0

My main purpose is to go to this specific website, to click each of the products, have enough time to scrape the data from the clicked product, then go back to click another product from the page until all the products are clicked through and scraped (The scraping code I have not included).

My code opens up chrome to redirect to my desired website, generates a list of links to click by class_name. This is the part I am stuck on, I would believe I need a for-loop to iterate through the list of links to click and go back to the original. But, I can't figure out why this won't work.

Here is my code:

import csv
import time
from selenium import webdriver
import selenium.webdriver.chrome.service as service
import requests
from bs4 import BeautifulSoup


url = "https://www.vatainc.com/infusion/adult-infusion.html?limit=all"
service = service.Service('path to chromedriver')
service.start()
capabilities = {'chrome.binary': 'path to chrome'}
driver = webdriver.Remote(service.service_url, capabilities)
driver.get(url)
time.sleep(2)
links = driver.find_elements_by_class_name('product-name')


for link in links:
    link.click()
    driver.back()
    link.click()
Jonathan
  • 31
  • 8
  • Haven't tested your code, but there should be a mistake in the for loop, the second link.click() should not be there I guess... – kaihami Nov 20 '18 at 17:30
  • Yes, I had that before. It gives the error 'Message: stale element reference: element is not attached to the page document'. I'm not sure why though, I have multiple elements in the links variable.. – Jonathan Nov 20 '18 at 17:33
  • Regarding your "stale element" error: https://stackoverflow.com/questions/44630912/how-to-use-selenium-to-click-through-multiple-elements-while-avoiding-stale-elem After the first link clicked, you don't have access to the previous page, you need to re-evaluate (find) the links to click. – Clément Denoix Nov 20 '18 at 17:39
  • @ClémentDenoix That is a good point, I am curious to how I would find the links again. I tried for link in links: link.click() driver.back() time.sleep(2) driver.find_elements_by_class_name('product-name') ...................................... But still the same error stale reference error.. – Jonathan Nov 20 '18 at 17:56

1 Answers1

2

I have another solution to your problem.

When I tested your code it showed a strange behaviour. Fixed all problems that I had using xpath.
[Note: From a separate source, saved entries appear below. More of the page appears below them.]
lemma peak_estimate_alpha_mono:
  fixes s \<alpha>0 \<alpha> :: real
  assumes s: "1 \<le> s" and \<alpha>: "0 \<le> \<alpha>0" "\<alpha>0 \<le> \<alpha>" "\<alpha> \<le> 1/(3*s^2)"
  shows "\<alpha>0 - s/3*\<alpha>0^2 \<le> \<alpha> - s/3*\<alpha>^2"
proof -
  have "s*\<alpha> \<le> s*(1/(3*s^2))" using \<alpha> s by (intro mult_left_mono) auto
  also have "\<dots> \<le> 1/3" using s by (simp add: field_simps power2_eq_square)
  finally have "3*0*\<alpha>^2 + 2*(s/3)*\<alpha> \<le> 1" by simp
  then show ?thesis using cubic_profile_mono[of \<alpha>0 \<alpha> 0 "s/3" 1] \<alpha> s by simp
qed

lemma peak_estimate_nonneg_ratio_case:
  fixes s \<alpha> \<beta> :: real
  assumes s: "433/250 \<le> s"
    and \<alpha>: "1/s^4 \<le> \<alpha>" "\<alpha> \<le> 1/(3*s^2)"
    and \<beta>: "21/40*\<alpha> \<le> \<beta>" "\<beta> \<le> 1/s^4"
  shows "0 \<le> peak_estimate s \<alpha> \<beta>"
proof -
  have sp: "0 < s" using s by simp
  have "0 \<le> 1/s^4" using sp by simp
  then have \<alpha>0: "0 \<le> \<alpha>" using \<alpha>(1) by linarith
  \<comment> \<open>bounding the \<open>\<beta>\<close>-bracket by its value at \<open>21\<alpha>/40\<close> leaves a single cubic profile in \<open>\<alpha>\<close>\<close>
  have \<beta>_part: "21/40*\<alpha> - s^3*(21/40*\<alpha>)^3 \<le> \<beta> - s^3*\<beta>^3"
    using peak_estimate_beta_mono[OF s, of "21/40*\<alpha>" \<beta>] \<alpha>0 \<beta> by simp
  have "s^3*\<alpha>^2 \<le> s^3*(1/(3*s^2))^2" using \<alpha> \<alpha>0 sp by (intro mult_left_mono power_mono) auto
  also have "\<dots> = 1/(9*s)" using sp by (simp add: field_simps power2_eq_square power3_eq_cube)
  also have "\<dots> \<le> 1" using s by (simp add: field_simps)
  finally have "s^3*\<alpha>^2 \<le> 1" .
  moreover have "s*\<alpha> \<le> s*(1/(3*s^2))" using \<alpha> sp by (intro mult_left_mono) auto
  moreover have "s*(1/(3*s^2)) \<le> 1/3" using s by (simp add: field_simps power2_eq_square)
  moreover have "3*((21/40)^3*s^3)*\<alpha>^2 = 27783/64000*(s^3*\<alpha>^2)" by (simp add: power_divide)
  ultimately have "3*((21/40)^3*s^3)*\<alpha>^2 + 2*(s/3)*\<alpha> \<le> 61/40" by linarith
  then have "61/40*(1/s^4) - ((21/40)^3*s^3)*(1/s^4)^3 - s/3*(1/s^4)^2
      \<le> 61/40*\<alpha> - ((21/40)^3*s^3)*\<alpha>^3 - s/3*\<alpha>^2"
    using cubic_profile_mono[of "1/s^4" \<alpha> "(21/40)^3*s^3" "s/3" "61/40"] \<alpha> sp by simp
  moreover have "1 - 2/s + (61/40*(1/s^4) - ((21/40)^3*s^3)*(1/s^4)^3 - s/3*(1/s^4)^2)
      = ((3::real)*s^9 - 6*s^8 + 183/40*s^5 - s^2 - 27783/64000) / (3*s^9)"
    using sp by (simp add: field_simps) algebra
  moreover have "0 \<le> ((3::real)*s^9 - 6*s^8 + 183/40*s^5 - s^2 - 27783/64000) / (3*s^9)"
    using peak_poly_ratio_nonneg[OF s] sp by simp
  moreover have "21/40*\<alpha> - s^3*(21/40*\<alpha>)^3 + (\<alpha> - s/3*\<alpha>^2)
      = 61/40*\<alpha> - ((21/40)^3*s^3)*\<alpha>^3 - s/3*\<alpha>^2"
    by algebra
  ultimately show ?thesis using \<beta>_part unfolding peak_estimate_def by linarith
qed

lemma peak_estimate_nonneg:
  fixes s \<alpha> \<beta> :: real
  assumes s: "433/250 \<le> s"
    and \<alpha>: "1/s^4 \<le> \<alpha>" "\<alpha> \<le> 1/(3*s^2)"
    and \<beta>: "0 \<le> \<beta>" "\<beta> \<le> 1/s^4"
    and cases: "2 \<le> s \<or> 1/(4*s^2) \<le> \<beta> \<or> 18521/10000 \<le> s \<or> 21/40*\<alpha> \<le> \<beta>"
  shows "0 \<le> peak_estimate s \<alpha> \<beta>"
proof -
  have sp: "0 < s" using s by simp
  have "0 \<le> 1/s^4" using sp by simp
  then have \<alpha>_part: "1/s^4 - s/3*(1/s^4)^2 \<le> \<alpha> - s/3*\<alpha>^2"
    using s \<alpha> by (intro peak_estimate_alpha_mono) auto
  have \<beta>_part: "0 \<le> \<beta> - s^3*\<beta>^3"
    using peak_estimate_beta_mono[OF s, of 0 \<beta>] \<beta> by simp
  from cases consider "2 \<le> s" | "1/(4*s^2) \<le> \<beta>" | "18521/10000 \<le> s" | "21/40*\<alpha> \<le> \<beta>"
    by blast
  then show ?thesis
  proof cases
    case 1
    then have "0 \<le> 1 - 2/s" by (simp add: field_simps)
    moreover have "0 \<le> \<alpha> - s/3*\<alpha>^2"
      using peak_estimate_alpha_mono[of s 0 \<alpha>] 1 \<alpha> \<open>0 \<le> 1/s^4\<close> by simp
    ultimately show ?thesis using \<beta>_part unfolding peak_estimate_def by linarith
  next
    case 2
    have "1/(4*s^2) - s^3*(1/(4*s^2))^3 \<le> \<beta> - s^3*\<beta>^3"
      using peak_estimate_beta_mono[OF s, of "1/(4*s^2)" \<beta>] 2 \<beta> by simp
    moreover have "1 - 2/s + (1/(4*s^2) - s^3*(1/(4*s^2))^3) + (1/s^4 - s/3*(1/s^4)^2)
        = ((192::real)*s^7 - 384*s^6 + 48*s^5 - 3*s^4 + 192*s^3 - 64) / (192*s^7)"
      using sp by (simp add: field_simps) algebra
    moreover have "0 \<le> ((192::real)*s^7 - 384*s^6 + 48*s^5 - 3*s^4 + 192*s^3 - 64) / (192*s^7)"
      using peak_poly_small_q_nonneg[OF s] sp by simp
    ultimately show ?thesis using \<alpha>_part unfolding peak_estimate_def by linarith
  next
    case 3
    have "1 - 2/s + (1/s^4 - s/3*(1/s^4)^2) = ((3::real)*s^7 - 6*s^6 + 3*s^3 - 1) / (3*s^7)"
      using sp by (simp add: field_simps) algebra
    moreover have "0 \<le> ((3::real)*s^7 - 6*s^6 + 3*s^3 - 1) / (3*s^7)"
      using peak_poly_large_q_nonneg[OF 3] sp by simp
    ultimately show ?thesis using \<alpha>_part \<beta>_part unfolding peak_estimate_def by linarith
  next
    case 4
    show ?thesis using s \<alpha> 4 \<beta>(2) by (rule peak_estimate_nonneg_ratio_case)
  qed
qed

lemma peak_estimate_nonneg_of_q:
  fixes u x v :: real
  assumes u: "3 \<le> u" "u \<le> x" and v: "x \<le> v"
    and cond: "x < 4 \<Longrightarrow> 4 \<le> v \<Longrightarrow> 3.4303 \<le> x \<or> 0.525 \<le> u / v"
  shows "0 \<le> peak_estimate (sqrt x) (1/(x*u)) (1/(x*v))"
proof (rule peak_estimate_nonneg)
  have x: "0 \<le> x" "sqrt x^2 = x" using u by auto
  have x4: "sqrt x^4 = x*x" using x(2) by (metis power2_eq_square power_mult numeral_Bit0 mult_2)
  have pos: "0 < u" "0 < v" using u v by auto
  show "433/250 \<le> sqrt x"
    using u real_le_rsqrt[of "433/250" x] by (simp add: power2_eq_square)
  have "x*u \<le> x*x" "x*x \<le> x*v" using u v x by (auto intro: mult_left_mono)
  then show "1/sqrt x^4 \<le> 1/(x*u)" "1/(x*v) \<le> 1/sqrt x^4"
    unfolding x4 using u pos by (auto intro!: divide_left_mono)
  have "3*x \<le> u*x" using u x by (intro mult_right_mono) auto
  then show "1/(x*u) \<le> 1/(3*sqrt x^2)"
    unfolding x(2) using u by (auto simp: mult.commute intro!: divide_left_mono)
  show "0 \<le> 1/(x*v)" using x pos by simp
  show "2 \<le> sqrt x \<or> 1/(4*sqrt x^2) \<le> 1/(x*v) \<or> 18521/10000 \<le> sqrt x \<or> 21/40*(1/(x*u)) \<le> 1/(x*v)"
  proof -
    have "4 \<le> x \<or> v < 4 \<or> 3.4303 \<le> x \<or> 0.525 \<le> u / v" using cond by force
    then consider "4 \<le> x" | "v < 4" | "3.4303 \<le> x" | "0.525 \<le> u / v" by blast
    then show ?thesis
    proof cases
      case 1
      then show ?thesis using real_le_rsqrt[of 2 x] by simp
    next
      case 2
      then have "x*v \<le> x*4" using x by (intro mult_left_mono) auto
      then show ?thesis unfolding x(2) using u pos by (auto intro!: divide_left_mono)
    next
      case 3
      then show ?thesis using real_le_rsqrt[of "18521/10000" x] by (simp add: power2_eq_square)
    next
      case 4
      then show ?thesis using pos u by (simp add: field_simps)
    qed
  qed
qed

section \<open>Alternating sums around a peak\<close>

lemma alternating_sum_le_three_terms:
  fixes c :: "nat \<Rightarrow> real"
  assumes nonneg: "\<And>i. 0 \<le> c i" and antimono: "\<And>i. Suc i < n \<Longrightarrow> c (Suc i) \<le> c i"
    and n: "2 \<le> n"
  shows "(\<Sum>i<n. (-1)^i * c i) \<le> c 0 - c 1 + (if 2 < n then c 2 else 0)"
proof -
  define d where "d i = (if i < n then c i else 0)" for i
  have "d \<longlonglongrightarrow> 0"
    unfolding d_def by (intro tendsto_eventually eventually_sequentiallyI[of n]) auto
  moreover have "0 \<le> d i" "d (Suc i) \<le> d i" for i
    using nonneg antimono by (auto simp: d_def)
  ultimately have "(\<Sum>i. (-1)^i * d i) \<le> (\<Sum>i<2*1+1. (-1)^i * d i)"
    by (rule summable_Leibniz'(4))
  moreover have "(\<lambda>i. (-1)^i * d i) sums (\<Sum>i<n. (-1)^i * c i)"
    using sums_finite[of "{..<n}" "\<lambda>i. (-1)^i * d i"] by (simp add: d_def)
  ultimately show ?thesis using n by (auto simp: sums_iff eval_nat_numeral d_def)
qed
url = "https://www.vatainc.com/infusion/adult-infusion.html?limit=all"
driver.get(url)
links = [x.get_attribute('href') for x in driver.find_elements_by_xpath("//*[contains(@class, 'product-name')]/a")]
htmls = []
for link in links:
    driver.get(link)
    htmls.append(driver.page_source)

Instead of going back and forward I saved all links (named as links) and iterate over this list.

kaihami
  • 815
  • 7
  • 18